Chlorination is a cornerstone of drinking water disinfection; however, the persistent oxidative stress it imposes may inadvertently select for metabolically resilient microorganisms within distribution systems. In this study, we investigated the universally conserved metabolic mechanisms underlying chlorine tolerance in a representative environmental bacterial isolate recovered from a full-scale drinking water distribution network. By integrating transcriptomic profiling, targeted metabolomics, and constraint-based flux balance analysis (FBA) within a proof-of-concept framework, we identified a coordinated metabolic reprogramming in response to chlorine exposure. Specifically, chlorine stress promoted increased flux through central carbon metabolism, including glycolysis, the tricarboxylic acid (TCA) cycle, and the oxidative pentose phosphate pathway (PPP), collectively enhancing intracellular NAD(P)H regeneration and redox buffering capacity. Model-guided simulations further revealed a subset of redox-associated metabolic nodes that are critical for maintaining cofactor balance and energy homeostasis under oxidative stress.
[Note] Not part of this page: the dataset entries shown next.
lemma inj_on_relabel_errors:
  assumes "k < n"
  shows "inj_on (relabel_errors n k) (error_patterns n)"
proof (rule inj_onI, rule ext)
  fix e1 e2 z
  assume "e1 \<in> error_patterns n" "e2 \<in> error_patterns n"
    and eq: "relabel_errors n k e1 = relabel_errors n k e2"
  show "e1 z = e2 z"
  proof (cases "z \<in> ordered_pairs n")
    case True
    then obtain a b where z: "z = (a, b)" "a < b" "b < n" by (auto simp: ordered_pairs_def)
    show ?thesis
      using eq z(1) relabel_errors_rot_pair[OF z(2,3) assms, of e1]
        relabel_errors_rot_pair[OF z(2,3) assms, of e2]
      by (auto split: if_splits)
  qed (use \<open>e1 \<in> error_patterns n\<close> \<open>e2 \<in> error_patterns n\<close>
        in \<open>unfold error_patterns_def, blast\<close>)
qed

lemma inj_on_relabel_instance:
  assumes "k < n"
  shows "inj_on (map_prod ((\<circ>) (rot k)) (relabel_errors n k)) (UNIV \<times> error_patterns n)"
proof (rule map_prod_inj_on)
  show "inj_on ((\<circ>) (rot k)) UNIV" by (auto simp: inj_on_def fun_eq_iff)
qed (rule inj_on_relabel_errors[OF assms])

lemma dislocation_le_max_dislocation:
  "m < n \<Longrightarrow> nat \<bar>int m - int (s m)\<bar> \<le> max_dislocation n s"
  unfolding max_dislocation_def by (rule Max_ge) auto

lemma max_dislocation_add_rot_ge:
  assumes "\<pi> permutes {..<n}" "\<sigma> permutes {..<n}" "k < n"
  shows "k \<le> max_dislocation n (\<pi> \<circ> \<sigma>) + max_dislocation n (rot k \<circ> \<pi> \<circ> \<sigma>)"
proof -
  have "0 \<in> (\<pi> \<circ> \<sigma>) ` {..<n}"
    using permutes_image[OF permutes_compose[OF assms(2,1)]] assms(3) by auto
  then obtain m where m: "m < n" "\<pi> (\<sigma> m) = 0" by auto
  have "m \<le> max_dislocation n (\<pi> \<circ> \<sigma>)"
    using dislocation_le_max_dislocation[OF m(1), of "\<pi> \<circ> \<sigma>"] m(2) by simp
  moreover have "nat \<bar>int m - int k\<bar> \<le> max_dislocation n (rot k \<circ> \<pi> \<circ> \<sigma>)"
    using dislocation_le_max_dislocation[OF m(1), of "rot k \<circ> \<pi> \<circ> \<sigma>"] m(2) by (simp add: rot_def)
  ultimately show ?thesis by linarith
qed

lemma prob_fail_add_rot_ge_1:
  assumes "valid_algorithm A" "\<pi> permutes {..<n}" "k < n" "2 * t < real k"
  shows "1 \<le> measure_pmf.prob (A n obs) {\<sigma>. t < real (max_dislocation n (\<pi> \<circ> \<sigma>))}
            + measure_pmf.prob (A n obs) {\<sigma>. t < real (max_dislocation n (rot k \<circ> \<pi> \<circ> \<sigma>))}"
    (is "1 \<le> measure_pmf.prob _ ?X1 + measure_pmf.prob _ ?X2")
proof -
  have "\<sigma> \<in> ?X1 \<union> ?X2" if "\<sigma> \<in> set_pmf (A n obs)" for \<sigma>
  proof -
    have "\<sigma> permutes {..<n}" using that assms(1) unfolding valid_algorithm_def by blast
    then show ?thesis using max_dislocation_add_rot_ge[OF assms(2) _ assms(3)] assms(4) by fastforce
  qed
  then have "measure_pmf.prob (A n obs) (?X1 \<union> ?X2) = 1"
    by (simp add: measure_pmf.prob_eq_1 AE_pmfI)
  moreover have "measure_pmf.prob (A n obs) (?X1 \<union> ?X2)
                  \<le> measure_pmf.prob (A n obs) ?X1 + measure_pmf.prob (A n obs) ?X2"
    by (rule measure_Un_le) auto
  ultimately show ?thesis by linarith
qed

lemma set_pmf_input_pmf: "set_pmf (input_pmf n) = {\<pi>. \<pi> permutes {..<n}}"
  unfolding input_pmf_def by (rule set_pmf_of_set) (auto intro: finite_permutations permutes_id)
Experimental validation via targeted gene disruption confirmed the model predictions, with key knockouts (e.g., mdh, narG) resulting in up to an 85% reduction in NAD(P)H production, accompanied by significant declines in metabolic activity, chlorine tolerance, and cross-resistance to multiple antibiotics. Collectively, these findings define a chlorine-responsive metabolic network that mechanistically links disinfection-induced oxidative stress to bacterial persistence and antimicrobial cross-resistance, providing critical insights into microbial survival strategies in drinking water systems.